(* Let $k\ge1$ and let $G\in\mathfrak A$ be a graph containing no subgraph isomorphic to $\Gamma_{k+1}$. Then $G$ has the $\Gamma_k$-twin property.
   Context: $\mathfrak A$ is the class of maximal triangle-free graphs with at least two vertices containing no induced cycle of length six. (Maximal triangle-free: no triangle, and adding any new edge creates a triangle.) Andrásfai graph $\Gamma_k$: vertex set $\mathbb Z/(3k-1)\mathbb Z$, $ij$ an edge iff $i-j\in\{k,\dots,2k-1\}$ mod $3k-1$. For a subgraph $H$ of $G$, $q\in V(H)$, $q'\in V(G)$, $q'$ is an $H$-twin of $q$ if $\mathrm N(q)\cap V(H)=\mathrm N(q')\cap V(H)$ (neighbourhoods in $G$). For graphs $F,G$, $G$ has the $F$-twin property if for every $e\in E(F)$: whenever $H\subseteq G$ is isomorphic to $F$, $qz\in E(H)$ corresponds to $e$, and $q',z'$ are $H$-twins of $q,z$, then $q'z'\in E(G)$. *)

theory Defs
  imports Main
begin

definition graph :: "'a set \<Rightarrow> ('a \<Rightarrow> 'a \<Rightarrow> bool) \<Rightarrow> bool" where
  "graph V E \<longleftrightarrow> finite V \<and> (\<forall>x y. E x y \<longrightarrow> x \<in> V \<and> y \<in> V)
     \<and> (\<forall>x y. E x y \<longrightarrow> E y x) \<and> (\<forall>x. \<not> E x x)"

definition triangle_free :: "'a set \<Rightarrow> ('a \<Rightarrow> 'a \<Rightarrow> bool) \<Rightarrow> bool" where
  "triangle_free V E \<longleftrightarrow>
     \<not> (\<exists>x\<in>V. \<exists>y\<in>V. \<exists>z\<in>V. E x y \<and> E y z \<and> E x z)"

definition add_edge :: "('a \<Rightarrow> 'a \<Rightarrow> bool) \<Rightarrow> 'a \<Rightarrow> 'a \<Rightarrow> ('a \<Rightarrow> 'a \<Rightarrow> bool)" where
  "add_edge E x y = (\<lambda>a b. E a b \<or> (a = x \<and> b = y) \<or> (a = y \<and> b = x))"

definition maximal_triangle_free :: "'a set \<Rightarrow> ('a \<Rightarrow> 'a \<Rightarrow> bool) \<Rightarrow> bool" where
  "maximal_triangle_free V E \<longleftrightarrow> triangle_free V E \<and>
     (\<forall>x\<in>V. \<forall>y\<in>V. x \<noteq> y \<longrightarrow> \<not> E x y \<longrightarrow> \<not> triangle_free V (add_edge E x y))"

definition has_induced_C6 :: "'a set \<Rightarrow> ('a \<Rightarrow> 'a \<Rightarrow> bool) \<Rightarrow> bool" where
  "has_induced_C6 V E \<longleftrightarrow> (\<exists>f :: nat \<Rightarrow> 'a. inj_on f {0..<6} \<and> f ` {0..<6} \<subseteq> V \<and>
     (\<forall>i<6. \<forall>j<6. E (f i) (f j) \<longleftrightarrow> (i + 1) mod 6 = j \<or> (j + 1) mod 6 = i))"

definition classA :: "'a set \<Rightarrow> ('a \<Rightarrow> 'a \<Rightarrow> bool) \<Rightarrow> bool" where
  "classA V E \<longleftrightarrow> graph V E \<and> card V \<ge> 2 \<and> maximal_triangle_free V E \<and> \<not> has_induced_C6 V E"

text \<open>Andrasfai graph \<open>\<Gamma>\<^sub>k\<close> on \<open>\<int>/(3k-1)\<close>, vertices represented by 0..3k-2.\<close>
definition andrasfai_V :: "nat \<Rightarrow> nat set" where
  "andrasfai_V k = {0..<3*k-1}"

definition andrasfai_E :: "nat \<Rightarrow> nat \<Rightarrow> nat \<Rightarrow> bool" where
  "andrasfai_E k i j \<longleftrightarrow> i \<in> andrasfai_V k \<and> j \<in> andrasfai_V k \<and>
     (int i - int j) mod int (3*k-1) \<in> {int k .. int (2*k-1)}"

text \<open>An embedding of F into G, i.e. G has a (not necessarily induced) subgraph
  isomorphic to F, namely the image of the embedding.\<close>
definition embedding :: "'b set \<Rightarrow> ('b \<Rightarrow> 'b \<Rightarrow> bool) \<Rightarrow> 'a set \<Rightarrow> ('a \<Rightarrow> 'a \<Rightarrow> bool) \<Rightarrow> ('b \<Rightarrow> 'a) \<Rightarrow> bool" where
  "embedding VF EF VG EG \<phi> \<longleftrightarrow> inj_on \<phi> VF \<and> \<phi> ` VF \<subseteq> VG \<and>
     (\<forall>a\<in>VF. \<forall>b\<in>VF. EF a b \<longrightarrow> EG (\<phi> a) (\<phi> b))"

definition contains_subgraph :: "'a set \<Rightarrow> ('a \<Rightarrow> 'a \<Rightarrow> bool) \<Rightarrow> 'b set \<Rightarrow> ('b \<Rightarrow> 'b \<Rightarrow> bool) \<Rightarrow> bool" where
  "contains_subgraph VG EG VF EF \<longleftrightarrow> (\<exists>\<phi>. embedding VF EF VG EG \<phi>)"

definition twin :: "('a \<Rightarrow> 'a \<Rightarrow> bool) \<Rightarrow> 'a set \<Rightarrow> 'a \<Rightarrow> 'a \<Rightarrow> bool" where
  "twin EG W q q' \<longleftrightarrow> {x. EG q x} \<inter> W = {x. EG q' x} \<inter> W"

definition twin_property :: "'b set \<Rightarrow> ('b \<Rightarrow> 'b \<Rightarrow> bool) \<Rightarrow> 'a set \<Rightarrow> ('a \<Rightarrow> 'a \<Rightarrow> bool) \<Rightarrow> bool" where
  "twin_property VF EF VG EG \<longleftrightarrow>
     (\<forall>a\<in>VF. \<forall>b\<in>VF. EF a b \<longrightarrow>
       (\<forall>\<phi>. embedding VF EF VG EG \<phi> \<longrightarrow>
         (\<forall>q'\<in>VG. \<forall>z'\<in>VG. twin EG (\<phi> ` VF) (\<phi> a) q' \<longrightarrow> twin EG (\<phi> ` VF) (\<phi> b) z'
            \<longrightarrow> EG q' z')))"

end

theory Submission
  imports Defs "HOL-Number_Theory.Cong"
begin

◇ ◇ ◇ ◇ ◇ ◇ ◇

Once each line with "open" in the entries is counted, state the total and nothing else.

### SOLUTION TO THIS EXERCISE
2